Career Advice (Explicit)
- For ML researchers: Noetik is hiring people who enjoy tackling ML on unfamiliar data modalities where first-principles custom model building is required. A biology background is NOT required — willingness to learn the minimum biology to make progress is sufficient.
- For biotech founders: Do NOT start from “I’ll generate X dataset and do ML on it.” Start from the problem, then design the dataset that can solve it. Most datasets are not ML datasets.
- Technology awareness matters: Capabilities shift rapidly (Dan did 2 genes per week in 2016; today’s platforms do 20,000 genes at once). Design for where the technology is going, not where it is.
- Conviction and capital are prerequisites. Noetik spent ~1.5-2 years generating data before training the first working model, and ~4 years before the first major commercial validation. There’s no shortcut if you’re entering a data-scarce regime.
- Career pattern — “Recursion mafia”: Both Ron and Dan came out of Recursion Pharmaceuticals, which seeded a cohort of founders with conviction to build data-at-scale biotech-AI companies. Working at a platform-building pioneer gives leverage when starting something new.
Business / Deal Insights
- First foundation-model licensing deal in pharma: Noetik × GSK, $50M, announced January. Structure: upfront + milestones + annual license fee. GSK can use the models internally and fine-tune them on their own translational data.
- Pharma appetite for AI has whiplashed upward. A year or two ago biotech-AI was “dying”; now deals and attention are flowing. Driver: pharma wants cross-pipeline access to models, not bespoke one-project collaborations.
- Diagnostic optionality: Because inference only needs H&E, a successful drug trial also produces a deployable companion diagnostic — a potential secondary revenue stream.

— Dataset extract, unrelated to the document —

(* Let $m$ be an even positive integer, let $q,k$ be positive integers, $n=q(k-1)+1$, and ${\bf h}\in\mathbb{R}^{qm(k-1)+1}$. Let $\mathcal{H}_m$ be the $m^{\rm th}$-order $n$-dimensional Hankel tensor and $\mathcal{H}_{qm}$ the $(qm)^{\rm th}$-order $k$-dimensional Hankel tensor, both generated by ${\bf h}$ (i.e. entries $h_{i_1+i_2+\cdots}$, indices starting at $0$). Define $c_1=\min_{0\ne{\bf y}\in\mathbb{R}^k}\|{\bf y}^{\ast q}\|_m^m/\|{\bf y}\|_{qm}^{qm}$ and $c_2=\max_{0\ne{\bf y}\in\mathbb{R}^k}\|{\bf y}^{\ast q}\|_m^m/\|{\bf y}\|_{qm}^{qm}$ (positive constants depending on $m,n,q$). Then $\lambda_{\min}(\mathcal{H}_{qm})\ge c_1\,\lambda_{\min}(\mathcal{H}_m)$ if $\mathcal{H}_{qm}$ is positive semi-definite, and $\lambda_{\min}(\mathcal{H}_{qm})\ge c_2\,\lambda_{\min}(\mathcal{H}_m)$ otherwise; and $\lambda_{\max}(\mathcal{H}_{qm})\le c_1\,\lambda_{\max}(\mathcal{H}_m)$ if $\mathcal{H}_{qm}$ is negative semi-definite, and $\lambda_{\max}(\mathcal{H}_{qm})\le c_2\,\lambda_{\max}(\mathcal{H}_m)$ otherwise.
   Context: For ${\bf u}\in\mathbb{R}^{n_1}$, ${\bf v}\in\mathbb{R}^{n_2}$ (indexed from $0$), the convolution ${\bf u}\ast{\bf v}\in\mathbb{R}^{n_1+n_2-1}$ has entries $({\bf u}\ast{\bf v})_j=\sum_{i=0}^j u_iv_{j-i}$ (with $u_i=0$ for $i\ge n_1$, $v_i=0$ for $i\ge n_2$); ${\bf y}^{\ast q}={\bf y}\ast\cdots\ast{\bf y}$ ($q$ factors), so ${\bf y}^{\ast q}\in\mathbb{R}^{q(k-1)+1}=\mathbb{R}^n$ for ${\bf y}\in\mathbb{R}^k$. $\|\cdot\|_p$ is the $\ell_p$-norm. For a real $m^{\rm th}$-order $n$-dimensional tensor $\mathcal{T}$, $(\mathcal{T}{\bf x}^{m-1})_i=\sum_{i_2,\dots,i_m}\mathcal{T}_{i i_2\dots i_m}x_{i_2}\cdots x_{i_m}$; a real $\lambda$ is an H-eigenvalue if there is nonzero ${\bf x}\in\mathbb{R}^n$ with $\mathcal{T}{\bf x}^{m-1}=\lambda{\bf x}^{[m-1]}$, where ${\bf x}^{[m-1]}=(x_1^{m-1},\dots,x_n^{m-1})^\top$. $\lambda_{\min}(\cdot)$, $\lambda_{\max}(\cdot)$ denote the smallest and largest H-eigenvalue. An even-order tensor is positive (negative) semi-definite if $\mathcal{T}{\bf x}^m\ge0$ ($\le 0$) for all real ${\bf x}$, where $\mathcal{T}{\bf x}^m=\sum\mathcal{T}_{i_1\dots i_m}x_{i_1}\cdots x_{i_m}$. *)

theory Defs
  imports Complex_Main
begin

- Moat = data + custom architectures + interpretability. Noetik claims ≥1 order of magnitude more paired H&E + spatial transcriptomic + protein data than anything public/academic, plus custom self-supervised architectures, plus the ability to explain which genes drive predicted response.

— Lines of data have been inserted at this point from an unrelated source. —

(* The arm axioms give k A_s \<le> A_(k s) \<le> k (A_s + 1) - 1 by induction on k; evaluating A_(s t)
   from both sides yields t A_s < s (A_t + 1). For the maximal ratio y = A_s/s this says
   A_t/t \<le> y < (A_t + 1)/t, i.e. A_t = \<lfloor>y t\<rfloor>.

   The truncated crystal only sees A_1, ..., A_n: in a partition of size at most n e every hook
   has length at most n e, and any two addable or removable nodes (r,c), (s,d) satisfy
   |s - r + c - d| \<le> |D| + 1 < (n + 1) e, because the first row and column up to those nodes
   lie in the diagram. So regularity and the order \<prec> only consult A_t with t \<le> n. *)

lemma arm_seq_add_bounds:
  assumes "arm_seq e A" "t \<ge> 1" "u \<ge> 1"
  shows "A t + A u \<le> A (t + u)" "A (t + u) \<le> A t + A u + 1"
  using assms unfolding arm_seq_def by fastforce+

lemma arm_seq_mult_bounds:
  assumes "arm_seq e A" "s \<ge> 1" "k \<ge> 1"
  shows "int k * A s \<le> A (k * s) \<and> A (k * s) + 1 \<le> int k * (A s + 1)"
  using \<open>k \<ge> 1\<close>
proof (induction k rule: nat_induct_at_least)
  case (Suc k)
  have "k * s \<ge> 1" using Suc.hyps assms(2) by simp
  show ?case
    using Suc.IH arm_seq_add_bounds[OF assms(1) assms(2) \<open>k * s \<ge> 1\<close>] by (simp add: ring_distribs)
qed simp

lemma arm_seq_cross_less:
  assumes "arm_seq e A" "s \<ge> 1" "t \<ge> 1"
  shows "int t * A s < int s * (A t + 1)"
  using arm_seq_mult_bounds[OF assms(1,2,3)] arm_seq_mult_bounds[OF assms(1,3,2)]
  by (simp add: mult.commute)

lemma arm_seq_eq_floor_ratio:
  assumes "arm_seq e A" "s \<ge> 1" "t \<ge> 1"
    and "A t / real t \<le> A s / real s"
  shows "A t = \<lfloor>A s / real s * real t\<rfloor>"
proof (rule floor_unique[symmetric])
  show "real_of_int (A t) \<le> A s / real s * real t"
    using assms(3,4) by (simp add: field_simps)
  have "real_of_int (int t * A s) < real_of_int (int s * (A t + 1))"
    using arm_seq_cross_less[OF assms(1-3)] by (simp only: of_int_less_iff)
  then have "real t * A s < real s * (A t + 1)" by simp
  then show "A s / real s * real t < real_of_int (A t) + 1"
    using assms(2) by (simp add: field_simps)
qed

lemma arm_seq_eq_floor_Max_ratio:
  assumes "arm_seq e A" "t \<in> {1..n}"
  shows "A t = \<lfloor>Max ((\<lambda>t. A t / real t) ` {1..n}) * real t\<rfloor>"
proof -
  let ?R = "(\<lambda>t. A t / real t) ` {1..n}"
  obtain s where s: "s \<in> {1..n}" "Max ?R = A s / real s"
    using Max_in[of ?R] assms(2) by fastforce
  have "A t / real t \<le> Max ?R" using assms(2) by simp
  then show ?thesis
    unfolding s(2) by (intro arm_seq_eq_floor_ratio[OF assms(1)]) (use s(1) assms(2) in auto)
qed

Stocks / Investments Mentioned
- GSK (GlaxoSmithKline) — licensed Noetik’s Octo VC model in a $50M deal. Actionable angle: GSK is positioning aggressively on AI-for-biology; arguably one of the top pharma AI teams.

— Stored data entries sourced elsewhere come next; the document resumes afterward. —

lemma expectation_prob_threshold_decoder_error_le:
  fixes PU :: "'a pmf" and K :: "'a \<Rightarrow> 'b pmf"
  defines "J \<equiv> joint_pmf PU K"
  assumes fPU: "finite (set_pmf PU)" and fK: "\<And>u. finite (set_pmf (K u))" and T: "T > 0" and m: "m < N"
  shows "measure_pmf.expectation (random_codebook PU n N)
      (\<lambda>cb. measure_pmf.prob (channel_out K (cb m)) {ys. threshold_decoder J T N cb ys \<noteq> m})
    \<le> measure_pmf.prob (iid_list J n) {l. info_ratio_list J l \<le> T} + (real N - 1) / T"
proof -
  define U where "U = iid_list PU n"
  define A where "A = {0..<N}"
  define R where "R = Pi_pmf (A - {m}) [] (\<lambda>_. U)"
  define miss where "miss us = measure_pmf.prob (channel_out K us) {ys. info_ratio_list J (zip us ys) \<le> T}" for us
  define hit where "hit us us' = measure_pmf.prob (channel_out K us) {ys. T < info_ratio_list J (zip us' ys)}"
    for us us'
  have fU: "finite (set_pmf U)" unfolding U_def using fPU by (rule finite_set_iid_list)
  have fR: "finite (set_pmf R)" unfolding R_def A_def using fU by (intro finite_set_Pi_pmf) auto
  have "measure_pmf.expectation (random_codebook PU n N)
      (\<lambda>cb. measure_pmf.prob (channel_out K (cb m)) {ys. threshold_decoder J T N cb ys \<noteq> m})
    = measure_pmf.expectation U (\<lambda>us. measure_pmf.expectation R (\<lambda>f.
        measure_pmf.prob (channel_out K us) {ys. threshold_decoder J T N (f(m := us)) ys \<noteq> m}))"
    unfolding random_codebook_def U_def[symmetric] A_def[symmetric] R_def
    using m fU by (subst expectation_Pi_pmf_split[of A m]) (auto simp: A_def)
  also have "\<dots> \<le> measure_pmf.expectation U (\<lambda>us. measure_pmf.expectation R (\<lambda>f.
      miss us + (\<Sum>m'\<in>A - {m}. hit us (f m'))))"
  proof (intro expectation_mono_finite fU fR)
    fix us f
    have "(\<Sum>m'\<in>A - {m}. hit us ((f(m := us)) m')) = (\<Sum>m'\<in>A - {m}. hit us (f m'))"
      by (intro sum.cong) auto
    then show "measure_pmf.prob (channel_out K us) {ys. threshold_decoder J T N (f(m := us)) ys \<noteq> m}
        \<le> miss us + (\<Sum>m'\<in>A - {m}. hit us (f m'))"
      using prob_threshold_decoder_error_le[OF m, of "channel_out K us" J T "f(m := us)"]
      unfolding miss_def hit_def A_def by simp
  qed
  also have "\<dots> = measure_pmf.expectation U (\<lambda>us. miss us +
      (\<Sum>m'\<in>A - {m}. measure_pmf.expectation U (\<lambda>us'. hit us us')))"
    using fR by (simp add: expectation_add_finite expectation_sum_finite R_def A_def
        expectation_Pi_pmf_component[where G = "hit _"])
  also have "\<dots> = measure_pmf.expectation U miss +
      (\<Sum>m'\<in>A - {m}. measure_pmf.expectation U (\<lambda>us. measure_pmf.expectation U (\<lambda>us'. hit us us')))"
    using fU by (simp add: expectation_add_finite expectation_sum_finite)
  also have "\<dots> \<le> measure_pmf.prob (iid_list J n) {l. info_ratio_list J l \<le> T} + (\<Sum>m'\<in>A - {m}. 1 / T)"
    using expectation_prob_channel_out[OF fPU fK, where P = "\<lambda>l. info_ratio_list J l \<le> T"]
      expectation_prob_info_ratio_list_indep_gt[OF fPU fK T, of n]
    unfolding miss_def hit_def U_def J_def by (intro add_mono sum_mono) auto
  also have "\<dots> = measure_pmf.prob (iid_list J n) {l. info_ratio_list J l \<le> T} + (real N - 1) / T"
    using m by (simp add: A_def of_nat_diff)
  finally show ?thesis .
qed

- Merck (Keytruda) — referenced as the archetype of a drug run through 1,000+ trials to find sub-indications. Illustrates the value unlock if Noetik-style models can short-circuit that process for future assets.
- Recursion Pharmaceuticals (implicit) — both founders are alumni; the “Recursion mafia” is producing multiple platform-oriented biotech-AI companies. Worth tracking as a talent-and-thesis indicator.
- Noetik itself — private; watch for further partnership announcements (Agenus collaboration already announced). Clinical-trial re-analysis work was hinted at as upcoming.
Most Actionable Takeaways
- For operators / investors: Foundation-model licensing (not project-based collaborations) is emerging as the template deal structure for AI-in-pharma. Watch for similar deals at other platform companies.
- For ML engineers: There’s high leverage in learning enough biology to work on multimodal tissue/spatial transcriptomic models — the field is data-constrained, not talent-saturated.
- For founders in bio-AI: Build the dataset deliberately, budget 18+ months before the first trainable model, and pick a deployment modality (like H&E) that already exists at scale in clinical workflows.
- For investors tracking oncology: Companies that can show “we can tell you which patients respond” materially de-risk Phase 2/3 trials — this is where the value accrues, not in molecule design.